The article addresses a new formulation of Norvir, a medication recently released by Abbott and prescribed as a booster for certain antiproteases used in antiretroviral treatments. In its current formulation, Norvir must be kept at low temperature - in hot weather it must be kept in a refrigerator. This is, of course, not possible for everyone : sick persons living on the streets, in precarious accommodations, in detention facilities, or in shared housing with others intentionally kept unaware of his or her health condition. Of course, people living in developping countries, do need a new form, non-refrigerated, of Norvir.

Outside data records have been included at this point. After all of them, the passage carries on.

lemma Ocnt_le_npairs:
  assumes "adjacency n x"
  shows "Ocnt n z x a b \<le> npairs n z a b"
proof (cases "a = b")
  case False
  have "Ocnt n z x a b \<le> (\<Sum>i<n. \<Sum>j<n. of_bool (z i = a) * of_bool (z j = b))"
    unfolding Ocnt_def by (intro sum_mono) auto
  also have "\<dots> = npairs n z a b"
    using False by (simp only: npairs_def cnt_eq_sum sum_product) simp
  finally show ?thesis .
next
  case True
  have row: "(\<Sum>j<n. of_bool (z i = a \<and> z j = a \<and> x i j)) \<le> of_bool (z i = a) * (cnt n z a - 1)"
    if "i < n" for i
  proof (cases "z i = a")
    case True
    have "(\<Sum>j<n. (of_bool (z i = a \<and> z j = a \<and> x i j) :: nat)) \<le> (\<Sum>j<n. of_bool (z j = a \<and> j \<noteq> i))"
      using assms that unfolding adjacency_def by (intro sum_mono) auto
    also have "\<dots> = card ({..<n} \<inter> {j. z j = a \<and> j \<noteq> i})"
      by (subst sum_of_bool_eq) auto
    also have "{..<n} \<inter> {j. z j = a \<and> j \<noteq> i} = {j. j < n \<and> z j = a} - {i}" by auto
    also have "card \<dots> = cnt n z a - 1" using True that by (simp add: cnt_def)
    finally show ?thesis using True by simp
  qed simp
  have "Ocnt n z x a b \<le> (\<Sum>i<n. of_bool (z i = a) * (cnt n z a - 1))"
    unfolding Ocnt_def True[symmetric] by (rule sum_mono, rule row) auto
  also have "\<dots> = npairs n z a b"
    using True by (simp only: npairs_def cnt_eq_sum sum_distrib_right) simp
  finally show ?thesis .
qed

lemma sum_square_sym_zero_diag:
  fixes f :: "nat \<Rightarrow> nat \<Rightarrow> 'a::comm_semiring_1"
  assumes "\<And>i j. i < N \<Longrightarrow> j < N \<Longrightarrow> f i j = f j i" and "\<And>i. i < N \<Longrightarrow> f i i = 0"
  shows "(\<Sum>i<N. \<Sum>j<N. f i j) = 2 * (\<Sum>i<N. \<Sum>j<i. f i j)"
  using assms
proof (induction N)
  case (Suc N)
  have "(\<Sum>i<N. f i N) = (\<Sum>j<N. f N j)" using Suc.prems(1) by (intro sum.cong) auto
  then show ?case
    using Suc.IH Suc.prems by (simp add: sum.distrib mult_2 algebra_simps)
qed simp

lemma even_Ocnt_diag:
  assumes "adjacency n x"
  shows "even (Ocnt n z x a a)"
proof -
  have "Ocnt n z x a a = 2 * (\<Sum>i<n. \<Sum>j<i. of_bool (z i = a \<and> z j = a \<and> x i j))"
    unfolding Ocnt_def using assms by (intro sum_square_sym_zero_diag) (auto simp: adjacency_def)
  then show ?thesis by simp
qed

definition upper_pairs :: "nat \<Rightarrow> (nat \<times> nat) set" where
  "upper_pairs k = {(a, b). a \<le> b \<and> b < k}"

lemma finite_upper_pairs: "finite (upper_pairs k)"
  by (rule finite_subset[of _ "{..<k} \<times> {..<k}"]) (auto simp: upper_pairs_def)

lemma card_upper_pairs: "2 * card (upper_pairs k) = k * (k + 1)"
proof (induction k)
  case (Suc k)
  have "upper_pairs (Suc k) = upper_pairs k \<union> (\<lambda>a. (a, k)) ` {..k}"
    by (auto simp: upper_pairs_def)
  moreover have "upper_pairs k \<inter> (\<lambda>a. (a, k)) ` {..k} = {}" by (auto simp: upper_pairs_def)
  ultimately have "card (upper_pairs (Suc k)) = card (upper_pairs k) + (k + 1)"
    by (simp add: card_Un_disjoint finite_upper_pairs card_image inj_on_def)
  then show ?case using Suc.IH by simp
qed (simp add: upper_pairs_def)

lemma prod_square_sym_eq_upper_pairs:
  fixes f :: "nat \<Rightarrow> nat \<Rightarrow> 'a::comm_monoid_mult"
  assumes "\<And>a b. a < k \<Longrightarrow> b < k \<Longrightarrow> f a b = f b a"
  shows "(\<Prod>a<k. \<Prod>b<k. f a b) = (\<Prod>(a, b)\<in>upper_pairs k. if a = b then f a a else f a b * f a b)"
proof -
  define g where "g c = (min (fst c) (snd c), max (fst c) (snd c))" for c :: "nat \<times> nat"
  have fiber: "{c \<in> {..<k} \<times> {..<k}. g c = (a, b)} = {(a, b), (b, a)}"
      if "(a, b) \<in> upper_pairs k" for a b
    using that by (auto simp: g_def upper_pairs_def min_def max_def split: if_splits)
  have "(\<Prod>a<k. \<Prod>b<k. f a b) = (\<Prod>c\<in>{..<k} \<times> {..<k}. f (fst c) (snd c))"
    by (simp add: prod.cartesian_product case_prod_beta)
  also have "\<dots> = (\<Prod>p\<in>upper_pairs k. \<Prod>c\<in>{c \<in> {..<k} \<times> {..<k}. g c = p}. f (fst c) (snd c))"
    using finite_upper_pairs[of k]
    by (intro prod.group[symmetric]) (auto simp: g_def upper_pairs_def)
  also have "\<dots> = (\<Prod>(a, b)\<in>upper_pairs k. if a = b then f a a else f a b * f a b)"
    using assms by (intro prod.cong refl) (auto simp: fiber upper_pairs_def)
  finally show ?thesis .
qed

text \<open>\<open>Ocnt\<close> counts ordered pairs of nodes, so an edge inside a block is counted twice.\<close>
definition block_edges :: "nat \<Rightarrow> (nat \<Rightarrow> nat) \<Rightarrow> (nat \<Rightarrow> nat \<Rightarrow> bool) \<Rightarrow> nat \<Rightarrow> nat \<Rightarrow> nat" where
  "block_edges n z x a b = (if a = b then Ocnt n z x a a div 2 else Ocnt n z x a b)"

definition block_nonedges :: "nat \<Rightarrow> (nat \<Rightarrow> nat) \<Rightarrow> (nat \<Rightarrow> nat \<Rightarrow> bool) \<Rightarrow> nat \<Rightarrow> nat \<Rightarrow> nat" where
  "block_nonedges n z x a b =
     (if a = b then (npairs n z a a - Ocnt n z x a a) div 2 else npairs n z a b - Ocnt n z x a b)"

lemma block_edges_add_nonedges_le:
  assumes "adjacency n x"
  shows "block_edges n z x a b + block_nonedges n z x a b \<le> n\<^sup>2"
proof -
  have "npairs n z a b \<le> cnt n z a * cnt n z b" by (simp add: npairs_def)
  also have "\<dots> \<le> n * n" by (intro mult_le_mono cnt_le)
  finally show ?thesis
    using Ocnt_le_npairs[OF assms, of z a b]
    by (auto simp: block_edges_def block_nonedges_def power2_eq_square)
qed

lemma rpow0_of_nat: "y \<ge> 0 \<Longrightarrow> rpow0 y (real m) = y ^ m"
  by (auto simp: rpow0_def powr_realpow)

lemma real_block_counts_diag:
  assumes "adjacency n x"
  shows "real (block_edges n z x a a) = real (Ocnt n z x a a) / 2"
    and "real (block_nonedges n z x a a) = (real (npairs n z a a) - real (Ocnt n z x a a)) / 2"
proof -
  have "even (npairs n z a a)" by (auto simp: npairs_def)
  then have "even (npairs n z a a - Ocnt n z x a a)"
    using even_Ocnt_diag[OF assms] by (simp add: dvd_diff_nat)
  then show "real (block_edges n z x a a) = real (Ocnt n z x a a) / 2"
    and "real (block_nonedges n z x a a) = (real (npairs n z a a) - real (Ocnt n z x a a)) / 2"
    using even_Ocnt_diag[OF assms] Ocnt_le_npairs[OF assms, of z a a]
    by (simp_all add: block_edges_def block_nonedges_def real_of_nat_div of_nat_diff)
qed

lemma real_block_counts_offdiag:
  assumes "adjacency n x" and "a \<noteq> b"
  shows "real (block_edges n z x a b) = real (Ocnt n z x a b)"
    and "real (block_nonedges n z x a b) = real (npairs n z a b) - real (Ocnt n z x a b)"
  using assms(2) Ocnt_le_npairs[OF assms(1), of z a b]
  by (simp_all add: block_edges_def block_nonedges_def of_nat_diff)

lemma rpow0_half_square: "e \<ge> 0 \<Longrightarrow> rpow0 y (e / 2) * rpow0 y (e / 2) = rpow0 y e"
  by (auto simp: rpow0_def powr_add[symmetric])

lemma prob_zx_eq_block_product:
  assumes adj: "adjacency n x" and sym: "\<And>a b. a < k \<Longrightarrow> b < k \<Longrightarrow> P a b = P b a"
  shows "prob_zx k n \<pi> P z x = (\<Prod>a<k. \<pi> a ^ cnt n z a) *
    (\<Prod>(a, b)\<in>upper_pairs k. rpow0 (P a b) (real (block_edges n z x a b)) *
       rpow0 (1 - P a b) (real (block_nonedges n z x a b)))"
proof -
  define Oc where "Oc a b = real (Ocnt n z x a b)" for a b
  define Np where "Np a b = real (npairs n z a b)" for a b
  define f where "f a b = rpow0 (P a b) (Oc a b / 2)
      * rpow0 (1 - P a b) ((Np a b - Oc a b) / 2)" for a b
  have "f a b = f b a" if "a < k" "b < k" for a b
    using sym[OF that] Ocnt_sym[OF adj] by (simp add: f_def Oc_def Np_def npairs_def mult.commute)
  then have "(\<Prod>a<k. \<Prod>b<k. f a b) = (\<Prod>(a, b)\<in>upper_pairs k. if a = b then f a a else f a b * f a b)"
    by (rule prod_square_sym_eq_upper_pairs)
  also have "\<dots> = (\<Prod>(a, b)\<in>upper_pairs k. rpow0 (P a b) (real (block_edges n z x a b)) *
       rpow0 (1 - P a b) (real (block_nonedges n z x a b)))"
  proof (intro prod.cong refl, clarify)
    fix a b
    have "Oc a b \<le> Np a b" using Ocnt_le_npairs[OF adj] by (simp add: Oc_def Np_def)
    then have "f a b * f a b = rpow0 (P a b) (Oc a b) * rpow0 (1 - P a b) (Np a b - Oc a b)"
      unfolding f_def using rpow0_half_square[of "Oc a b"] rpow0_half_square[of "Np a b - Oc a b"]
      by (simp add: Oc_def mult_ac)
    then show "(if a = b then f a a else f a b * f a b)
        = rpow0 (P a b) (real (block_edges n z x a b)) *
       rpow0 (1 - P a b) (real (block_nonedges n z x a b))"
      by (cases "a = b")
        (simp_all add: f_def Oc_def Np_def real_block_counts_diag[OF adj]
            real_block_counts_offdiag[OF adj])
  qed
  finally show ?thesis by (simp add: prob_zx_def f_def Oc_def Np_def)
qed

section \<open>Beta and Dirichlet integrals\<close>

lemma nn_integral_Beta:
  fixes a b :: real
  assumes "a > 0" "b > 0"
  shows "(\<integral>\<^sup>+ x. ennreal (indicator {0<..<1} x * x powr (a - 1) * (1 - x) powr (b - 1)) \<partial>lborel)
    = ennreal (Beta a b)"
proof -
  have "(\<integral>\<^sup>+ x. ennreal (indicator {0<..<1} x * x powr (a - 1) * (1 - x) powr (b - 1)) \<partial>lborel)
      = (\<integral>\<^sup>+ x. ennreal (indicator {0..1} x * (x powr (a - 1) * (1 - x) powr (b - 1))) \<partial>lborel)"
    by (intro nn_integral_cong) (auto simp: indicator_def)
  also have "\<dots> = ennreal (Beta a b)"
    by (rule nn_integral_has_integral_lebesgue[OF _ has_integral_Beta_real[OF assms]]) auto
  finally show ?thesis .
qed
lemma Chernoff_terms_le:
  fixes u \<epsilon> :: real and K m n :: nat
  assumes u: "0 < u" "u \<le> 1" and \<epsilon>: "0 \<le> \<epsilon>" "\<epsilon> * K \<le> u / 4" and "0 < K" "n \<le> (m + 1) * K"
  shows "exp (u * m / 2) * (1 - u) ^ m + exp (- (u * m / 2)) * (1 + \<epsilon>) ^ (m * K)
           \<le> 2 * exp (u / 4) * exp (- (u / (4 * K)) * n)"
proof -
  have "(1 - u) ^ m \<le> exp (- u) ^ m"
    using u exp_ge_add_one_self[of "- u"] by (intro power_mono) auto
  then have "exp (u * m / 2) * (1 - u) ^ m \<le> exp (u * m / 2) * exp (- u * m)"
    by (simp add: exp_of_nat_mult[symmetric] mult.commute)
  also have "\<dots> \<le> exp (- (u * m / 4))" using u by (simp flip: exp_add)
  finally have first: "exp (u * m / 2) * (1 - u) ^ m \<le> exp (- (u * m / 4))" .
  have "(1 + \<epsilon>) ^ (m * K) \<le> exp \<epsilon> ^ (m * K)"
    using \<epsilon> exp_ge_add_one_self[of \<epsilon>] by (intro power_mono) auto
  also have "\<dots> = exp (m * (\<epsilon> * K))" by (simp add: exp_of_nat_mult[symmetric] ac_simps)
  also have "\<dots> \<le> exp (m * (u / 4))"
    using \<epsilon> mult_left_mono[of "\<epsilon> * K" "u / 4" "real m"] by simp
  finally have "exp (- (u * m / 2)) * (1 + \<epsilon>) ^ (m * K) \<le> exp (- (u * m / 2)) * exp (m * (u / 4))"
    by simp
  also have "\<dots> = exp (- (u * m / 4))" by (simp flip: exp_add)
  finally have second: "exp (- (u * m / 2)) * (1 + \<epsilon>) ^ (m * K) \<le> exp (- (u * m / 4))" .
  have "real n \<le> real ((m + 1) * K)" using \<open>n \<le> (m + 1) * K\<close> by (simp only: of_nat_le_iff)
  then have "real n / K \<le> m + 1" using \<open>0 < K\<close> by (simp add: divide_le_eq algebra_simps)
  then have "- (u * m / 4) \<le> u / 4 + - (u / (4 * K)) * n"
    using u mult_left_mono[of "real n / K" "m + 1" u] by (simp add: field_simps)
  then have "exp (- (u * m / 4)) \<le> exp (u / 4) * exp (- (u / (4 * K)) * n)"
    by (simp flip: exp_add)
  then show ?thesis using first second by linarith
qed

It is on these grounds that we ask Abbott for an explanation. Abbott could have afforded to make a non-refrigerated version of Norvir quickly available. On the sole basis of market economics, however, the laboratory failed to do everything in its power to ensure its availability. They managed, nevertheless, to show that such a feat was possible with another product, Kaletra, now available as dry tablets that can be obtained through the Meltrex procedure.

This is the first time that a laboratory has put pressure on us for an article published in a review well recognised for its seriousness and rigour. It is indeed telling that a pharmaceutical like Abbott seems to care about sick people only when they play a role in their marketing strategy. The “partnership” as championed by Abbott cannot be used to silence the words of sick persons.

In the days leading up to the Toronto conference, these unfair dealings strengthen our determination to hold Abbott accountable for its actions. Two years ago, they increased the price of Norvir five-fold (which they justified, at the time, because of the research necessary to develop a product that would not have to be kept at low temperature) ; today, they refuse to lower the price of their other medication, Kaletra, in developing countries.

PWA’s will have a lot to say about Abbott at the Toronto conference.